-- SUPPLIED DATA --
(* Let $V$ be a Banach $\mathbb O$-bimodule, $J\in\mathbb S$, and let $T=T_0+J\odot T_1$ and $S=S_0+J\odot S_1$ with $T_0,T_1,S_0,S_1\in\mathscr B_{\mathbb O}(V)$. Then $T\circ S=T\circledcirc S$. Consequently every such $T$ is power-associative, with $T^n=T^{\circledcirc n}$ for all $n$.
   Context: $\mathbb O$ is the real octonion algebra with basis $e_0=1,\dots,e_7$; $\mathbb S=\{J:J^2=-1\}$. An $\mathbb O$-bimodule is a real vector space $M$ with real-bilinear left and right multiplications by $\mathbb O$ (with $1x=x1=x$) whose associators $[p,q,x]=(pq)x-p(qx)$, $[p,x,q]=(px)q-p(xq)$, $[x,p,q]=(xp)q-x(pq)$ satisfy $[p,q,x]=[q,x,p]=[x,p,q]=-[q,p,x]$. $\operatorname{Re}M=\{m: pm=mp,\ [p,q,m]=0\ \forall p,q\}$; every $x=\sum_ix_ie_i$ uniquely with $x_i\in\operatorname{Re}M$, $\operatorname{Re}x:=x_0$. A Banach $\mathbb O$-bimodule has a complete norm with $\|px\|=\|xp\|=|p|\|x\|$. $B_p(f,x)=f(x)p-f(xp)$; $\mathscr B_{\mathcal{RO}}(V)$: bounded real-linear $f$ with $\operatorname{Re}B_p(f,x)=0$ for all $p,x$; $\mathscr B_{\mathbb O}(V)$: bounded octonionic linear operators ($f(xp)=f(x)p$). $(p\odot f)(x)=pf(x)+B_p(f,x)$. For $f,g\in\mathscr B_{\mathcal{RO}}(V)$, $f\circledcirc g=\operatorname{ext}((f\circ g)|_{\operatorname{Re}V})$ where $(\operatorname{ext}h)(\sum x_ie_i)=\sum h(x_i)e_i$ ($x_i\in\operatorname{Re}V$). $T^{\circledcirc n}=\operatorname{ext}(T^n|_{\operatorname{Re}V})$, $T^n$ the ordinary power. $T$ is power-associative if $T^n\in\mathscr B_{\mathcal{RO}}(V)$ for all $n$. *)

theory Defs
  imports "HOL-Analysis.Analysis"
begin

text \<open>Octonions are elements of real^8; coordinate k (0 \<le> k \<le> 7) is the
coefficient of e_k.  The norm is the Euclidean norm |p|.\<close>

type_synonym octo = "real ^ 8"

definition oe :: "nat \<Rightarrow> octo" where
  "oe n = axis (of_nat n :: 8) 1"

text \<open>Fano-plane multiplication table: e_i e_(i+1) = e_(i+3) (indices mod 7 in 1..7),
i.e. the quaternionic triples below, closed under cyclic permutation.\<close>

definition oct_triples :: "(nat \<times> nat \<times> nat) list" where
  "oct_triples = concat (map (\<lambda>(a,b,c). [(a,b,c),(b,c,a),(c,a,b)])
     [(1,2,4),(2,3,5),(3,4,6),(4,5,7),(5,6,1),(6,7,2),(7,1,3)])"

definition obasis_mult :: "nat \<Rightarrow> nat \<Rightarrow> real \<times> nat" where
  "obasis_mult i j =
    (if i = 0 then (1, j) else if j = 0 then (1, i) else if i = j then (-1, 0)
     else (case find (\<lambda>(a,b,c). a = i \<and> b = j) oct_triples of
             Some (_,_,c) \<Rightarrow> (1, c)
           | None \<Rightarrow> (case find (\<lambda>(a,b,c). a = j \<and> b = i) oct_triples of
                        Some (_,_,c) \<Rightarrow> (-1, c)
                      | None \<Rightarrow> (0, 0))))"

definition omult :: "octo \<Rightarrow> octo \<Rightarrow> octo" (infixl "\<cdot>\<^sub>O" 70) where
  "p \<cdot>\<^sub>O q = (\<Sum>i<8. \<Sum>j<8. (p $ of_nat i * q $ of_nat j * fst (obasis_mult i j))
                                   *\<^sub>R oe (snd (obasis_mult i j)))"

definition oct_sphere :: "octo set" where
  "oct_sphere = {J. J \<cdot>\<^sub>O J = - oe 0}"

text \<open>lm is the left multiplication p x, rm the right multiplication x p.\<close>

definition assocL :: "(octo \<Rightarrow> 'v::real_vector \<Rightarrow> 'v) \<Rightarrow> octo \<Rightarrow> octo \<Rightarrow> 'v \<Rightarrow> 'v" where
  "assocL lm p q x = lm (p \<cdot>\<^sub>O q) x - lm p (lm q x)"

definition assocM :: "(octo \<Rightarrow> 'v::real_vector \<Rightarrow> 'v) \<Rightarrow> ('v \<Rightarrow> octo \<Rightarrow> 'v) \<Rightarrow> octo \<Rightarrow> 'v \<Rightarrow> octo \<Rightarrow> 'v" where
  "assocM lm rm p x q = rm (lm p x) q - lm p (rm x q)"

definition assocR :: "('v::real_vector \<Rightarrow> octo \<Rightarrow> 'v) \<Rightarrow> 'v \<Rightarrow> octo \<Rightarrow> octo \<Rightarrow> 'v" where
  "assocR rm x p q = rm (rm x p) q - rm x (p \<cdot>\<^sub>O q)"

definition O_bimodule :: "(octo \<Rightarrow> 'v::real_vector \<Rightarrow> 'v) \<Rightarrow> ('v \<Rightarrow> octo \<Rightarrow> 'v) \<Rightarrow> bool" where
  "O_bimodule lm rm \<longleftrightarrow>
     (\<forall>x. linear (\<lambda>p. lm p x)) \<and> (\<forall>p. linear (lm p)) \<and>
     (\<forall>x. linear (rm x)) \<and> (\<forall>p. linear (\<lambda>x. rm x p)) \<and>
     (\<forall>x. lm (oe 0) x = x \<and> rm x (oe 0) = x) \<and>
     (\<forall>p q x. assocL lm p q x = assocM lm rm q x p \<and>
              assocM lm rm q x p = assocR rm x p q \<and>
              assocR rm x p q = - assocL lm q p x)"

definition Banach_O_bimodule :: "(octo \<Rightarrow> 'v::banach \<Rightarrow> 'v) \<Rightarrow> ('v \<Rightarrow> octo \<Rightarrow> 'v) \<Rightarrow> bool" where
  "Banach_O_bimodule lm rm \<longleftrightarrow> O_bimodule lm rm \<and>
     (\<forall>p x. norm (lm p x) = norm p * norm x \<and> norm (rm x p) = norm p * norm x)"

definition ReM :: "(octo \<Rightarrow> 'v::real_vector \<Rightarrow> 'v) \<Rightarrow> ('v \<Rightarrow> octo \<Rightarrow> 'v) \<Rightarrow> 'v set" where
  "ReM lm rm = {m. (\<forall>p. lm p m = rm m p) \<and> (\<forall>p q. assocL lm p q m = 0)}"

definition rcomp :: "(octo \<Rightarrow> 'v::real_vector \<Rightarrow> 'v) \<Rightarrow> ('v \<Rightarrow> octo \<Rightarrow> 'v) \<Rightarrow> 'v \<Rightarrow> nat \<Rightarrow> 'v" where
  "rcomp lm rm x = (THE c. (\<forall>i<8. c i \<in> ReM lm rm) \<and> (\<forall>i\<ge>8. c i = 0) \<and>
                           x = (\<Sum>i<8. rm (c i) (oe i)))"

definition RePart :: "(octo \<Rightarrow> 'v::real_vector \<Rightarrow> 'v) \<Rightarrow> ('v \<Rightarrow> octo \<Rightarrow> 'v) \<Rightarrow> 'v \<Rightarrow> 'v" where
  "RePart lm rm x = rcomp lm rm x 0"

definition oext :: "(octo \<Rightarrow> 'v::real_vector \<Rightarrow> 'v) \<Rightarrow> ('v \<Rightarrow> octo \<Rightarrow> 'v) \<Rightarrow> ('v \<Rightarrow> 'v) \<Rightarrow> 'v \<Rightarrow> 'v" where
  "oext lm rm h x = (\<Sum>i<8. rm (h (rcomp lm rm x i)) (oe i))"

definition Bp :: "('v::real_vector \<Rightarrow> octo \<Rightarrow> 'v) \<Rightarrow> octo \<Rightarrow> ('v \<Rightarrow> 'v) \<Rightarrow> 'v \<Rightarrow> 'v" where
  "Bp rm p f x = rm (f x) p - f (rm x p)"

definition B_RO :: "(octo \<Rightarrow> 'v::real_normed_vector \<Rightarrow> 'v) \<Rightarrow> ('v \<Rightarrow> octo \<Rightarrow> 'v) \<Rightarrow> ('v \<Rightarrow> 'v) set" where
  "B_RO lm rm = {f. bounded_linear f \<and> (\<forall>p x. RePart lm rm (Bp rm p f x) = 0)}"

definition B_O :: "('v::real_normed_vector \<Rightarrow> octo \<Rightarrow> 'v) \<Rightarrow> ('v \<Rightarrow> 'v) set" where
  "B_O rm = {f. bounded_linear f \<and> (\<forall>x p. f (rm x p) = rm (f x) p)}"

definition odot :: "(octo \<Rightarrow> 'v::real_vector \<Rightarrow> 'v) \<Rightarrow> ('v \<Rightarrow> octo \<Rightarrow> 'v) \<Rightarrow> octo \<Rightarrow> ('v \<Rightarrow> 'v) \<Rightarrow> 'v \<Rightarrow> 'v" where
  "odot lm rm p f x = lm p (f x) + Bp rm p f x"

text \<open>f \<circledcirc> g = ext((f \<circ> g) restricted to Re V); ext only evaluates its argument on Re V.\<close>

definition ocirc :: "(octo \<Rightarrow> 'v::real_vector \<Rightarrow> 'v) \<Rightarrow> ('v \<Rightarrow> octo \<Rightarrow> 'v) \<Rightarrow> ('v \<Rightarrow> 'v) \<Rightarrow> ('v \<Rightarrow> 'v) \<Rightarrow> 'v \<Rightarrow> 'v" where
  "ocirc lm rm f g = oext lm rm (f \<circ> g)"

definition opow :: "(octo \<Rightarrow> 'v::real_vector \<Rightarrow> 'v) \<Rightarrow> ('v \<Rightarrow> octo \<Rightarrow> 'v) \<Rightarrow> ('v \<Rightarrow> 'v) \<Rightarrow> nat \<Rightarrow> 'v \<Rightarrow> 'v" where
  "opow lm rm T n = oext lm rm (T ^^ n)"

definition power_associative :: "(octo \<Rightarrow> 'v::real_normed_vector \<Rightarrow> 'v) \<Rightarrow> ('v \<Rightarrow> octo \<Rightarrow> 'v) \<Rightarrow> ('v \<Rightarrow> 'v) \<Rightarrow> bool" where
  "power_associative lm rm T \<longleftrightarrow> (\<forall>n. T ^^ n \<in> B_RO lm rm)"

end

(*
  The associator identities make the left multiplications L_i by e_1, ..., e_7 of an
  O-bimodule anticommuting square roots of -1, and the two critical pairs of the rules that
  push right multiplications inwards express R_1 through them. Squaring that formula forces
  the volume element L_1 ... L_7 to act as -1. After that, every identity needed about
  re_proj = (1/8)(1 - sum of L_a L_b L_c over the seven Fano lines) is a Clifford-algebra
  normalisation: re_proj lands in Re M and x is the sum of the e_i x_i. An operator commuting
  with right multiplications preserves Re M and hence commutes with all left multiplications,
  so the operators T0 + J T1 are closed under composition (J^2 = -1), commute with right
  multiplication on Re M, and thus agree with their extension; and B_p(T, x) is a middle
  associator, which has no real part.
*)

theory Submission
  imports Defs
begin

(* Keeps oe 1 from being rewritten to oe (Suc 0), where the multiplication table would no
   longer apply. *)
declare One_nat_def [simp del]

section \<open>Octonion arithmetic\<close>

lemma less_8_cases:
  assumes "i < (8::nat)"
  obtains "i = 0" | "i = 1" | "i = 2" | "i = 3" | "i = 4" | "i = 5" | "i = 6" | "i = 7"
proof -
  have "i = 0 \<or> i = 1 \<or> i = 2 \<or> i = 3 \<or> i = 4 \<or> i = 5 \<or> i = 6 \<or> i = 7"
    using assms by presburger
  then show ?thesis using that by blast
qed

lemma sum_lessThan_8: "(\<Sum>i<(8::nat). f i) = f 0 + f 1 + f 2 + f 3 + f 4 + f 5 + f 6 + f 7"
  by (simp add: numeral_eq_Suc One_nat_def)

lemma index_8_cases:
  fixes k :: 8
  obtains "k = 0" | "k = 1" | "k = 2" | "k = 3" | "k = 4" | "k = 5" | "k = 6" | "k = 7"
proof -
  have "k = 0 \<or> k = 1 \<or> k = 2 \<or> k = 3 \<or> k = 4 \<or> k = 5 \<or> k = 6 \<or> k = 7"
  proof (induct k rule: bit0_induct)
    case (of_int z)
    then have "z = 0 \<or> z = 1 \<or> z = 2 \<or> z = 3 \<or> z = 4 \<or> z = 5 \<or> z = 6 \<or> z = 7"
      by simp presburger
    then show ?case by auto
  qed
  then show ?thesis using that by blast
qed

lemma oe_nth: "oe i $ k = (if k = of_nat i then 1 else 0)"
  by (simp add: oe_def axis_def)

lemma of_nat_8_eq_iff: "i < 8 \<Longrightarrow> j < 8 \<Longrightarrow> (of_nat i :: 8) = of_nat j \<longleftrightarrow> i = j"
  by (elim less_8_cases) simp_all

lemma oe_nth_0: "i < 8 \<Longrightarrow> oe i $ 0 = (if i = 0 then 1 else 0)"
  by (elim less_8_cases) (simp_all add: oe_nth)

lemma octo_eqI:
  assumes "\<And>k::8. k \<in> {0,1,2,3,4,5,6,7} \<Longrightarrow> p $ k = q $ k"
  shows "(p::octo) = q"
proof (rule iffD2[OF vec_eq_iff], rule allI)
  fix k :: 8
  show "p $ k = q $ k" by (cases k rule: index_8_cases) (simp_all add: assms)
qed

lemma octo_expand: "p = (\<Sum>i<8. p $ of_nat i *\<^sub>R oe i)"
  by (rule octo_eqI) (auto simp: sum_lessThan_8 oe_nth)

lemma obasis_mult_table:
  "obasis_mult 1 1 = (-1, 0)" "obasis_mult 1 2 = (1, 4)" "obasis_mult 1 3 = (1, 7)" "obasis_mult 1 4 = (-1, 2)"
    "obasis_mult 1 5 = (1, 6)" "obasis_mult 1 6 = (-1, 5)" "obasis_mult 1 7 = (-1, 3)"
  "obasis_mult 2 1 = (-1, 4)" "obasis_mult 2 2 = (-1, 0)" "obasis_mult 2 3 = (1, 5)" "obasis_mult 2 4 = (1, 1)"
    "obasis_mult 2 5 = (-1, 3)" "obasis_mult 2 6 = (1, 7)" "obasis_mult 2 7 = (-1, 6)"
  "obasis_mult 3 1 = (-1, 7)" "obasis_mult 3 2 = (-1, 5)" "obasis_mult 3 3 = (-1, 0)" "obasis_mult 3 4 = (1, 6)"
    "obasis_mult 3 5 = (1, 2)" "obasis_mult 3 6 = (-1, 4)" "obasis_mult 3 7 = (1, 1)"
  "obasis_mult 4 1 = (1, 2)" "obasis_mult 4 2 = (-1, 1)" "obasis_mult 4 3 = (-1, 6)" "obasis_mult 4 4 = (-1, 0)"
    "obasis_mult 4 5 = (1, 7)" "obasis_mult 4 6 = (1, 3)" "obasis_mult 4 7 = (-1, 5)"
  "obasis_mult 5 1 = (-1, 6)" "obasis_mult 5 2 = (1, 3)" "obasis_mult 5 3 = (-1, 2)" "obasis_mult 5 4 = (-1, 7)"
    "obasis_mult 5 5 = (-1, 0)" "obasis_mult 5 6 = (1, 1)" "obasis_mult 5 7 = (1, 4)"
  "obasis_mult 6 1 = (1, 5)" "obasis_mult 6 2 = (-1, 7)" "obasis_mult 6 3 = (1, 4)" "obasis_mult 6 4 = (-1, 3)"
    "obasis_mult 6 5 = (-1, 1)" "obasis_mult 6 6 = (-1, 0)" "obasis_mult 6 7 = (1, 2)"
  "obasis_mult 7 1 = (1, 3)" "obasis_mult 7 2 = (1, 6)" "obasis_mult 7 3 = (-1, 1)" "obasis_mult 7 4 = (1, 5)"
    "obasis_mult 7 5 = (-1, 4)" "obasis_mult 7 6 = (-1, 2)" "obasis_mult 7 7 = (-1, 0)"
  by (simp_all add: obasis_mult_def oct_triples_def)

-- EXERCISE BRIEF --
All lines above holding the word "assms" make up the answer; copy each one.

-- FINISHED EXERCISE --
    using assms by presburger
  show "p $ k = q $ k" by (cases k rule: index_8_cases) (simp_all add: assms)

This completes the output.